[WHAT YOU WILL DO]: Looking at the records below, state how many lines include the string "definition" and add nothing further.

--*--

text \<open>The derivative of \<open>det\<close> at \<open>A\<close> is \<open>H \<mapsto> trace (adj A ** H)\<close>, with the adjugate
  \<open>adj A = A\<^sup>2 - trace3 A *\<^sub>R A + sigma2 A *\<^sub>R 1\<close> read off from Cayley--Hamilton.\<close>

lemma has_derivative_det3:
  "(det has_derivative
     (\<lambda>H. trace3 (A ** A ** H) - trace3 A * trace3 (A ** H) + sigma2 A * trace3 H)) (at (A::mat3))"
  unfolding det_3[abs_def]
  by (rule has_derivative_eq_rhs, (rule has_derivative_mat_intros)+)
    (simp add: fun_eq_iff trace3_def sigma2_def matrix_mult_nth_3 algebra_simps)

definition SL3_cube_roots :: "mat3 set" where
  "SL3_cube_roots = {A. det A = 1 \<and> A ** A ** A = mat 1}"

text \<open>The factor \<open>trace3 A - 3\<close> makes the equations vanish on all of \<open>SL3_cube_roots\<close>,
  including the points of trace \<open>3\<close>.\<close>

definition SL3_cube_root_eqs :: "nat \<Rightarrow> mat3 \<Rightarrow> real" where
  "SL3_cube_root_eqs i A =
     [trace3 A * (trace3 A - 3), sigma2 A * (trace3 A - 3), det A - 1] ! i"

lemma all_less_3_iff: "(\<forall>i<3::nat. R i) \<longleftrightarrow> R 0 \<and> R 1 \<and> R 2"
proof -
  have "{..<3::nat} = {0, 1, 2}"
    by auto
  then show ?thesis
    by (auto simp: lessThan_iff[symmetric])
qed

lemma SL3_cube_root_eqs_polyfun: "i < 3 \<Longrightarrow> SL3_cube_root_eqs i \<in> polyfun"
  using all_less_3_iff[of "\<lambda>i. SL3_cube_root_eqs i \<in> polyfun"]
  unfolding SL3_cube_root_eqs_def trace3_def sigma2_def det_3
  by (simp add: polyfun_mat_intros)

lemma SL3_cube_root_eqs_vanish:
  assumes "A \<in> SL3_cube_roots" "i < 3"
  shows "SL3_cube_root_eqs i A = 0"
proof (cases "trace3 A = 3")
  case True
  then show ?thesis
    using assms all_less_3_iff[of "\<lambda>i. SL3_cube_root_eqs i A = 0"]
    by (auto simp: SL3_cube_roots_def SL3_cube_root_eqs_def)
next
  case False
  then show ?thesis
    using assms SL3_cube_root_iff all_less_3_iff[of "\<lambda>i. SL3_cube_root_eqs i A = 0"]
    by (auto simp: SL3_cube_roots_def SL3_cube_root_eqs_def)
qed

lemma SL3_cube_roots_iff_eqs:
  assumes "trace3 A \<noteq> 3"
  shows "A \<in> SL3_cube_roots \<longleftrightarrow> (\<forall>i<3. SL3_cube_root_eqs i A = 0)"
  using SL3_cube_root_iff[OF assms] assms
  by (auto simp: all_less_3_iff SL3_cube_roots_def SL3_cube_root_eqs_def)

--*--

[WRITTEN ANSWER]: 2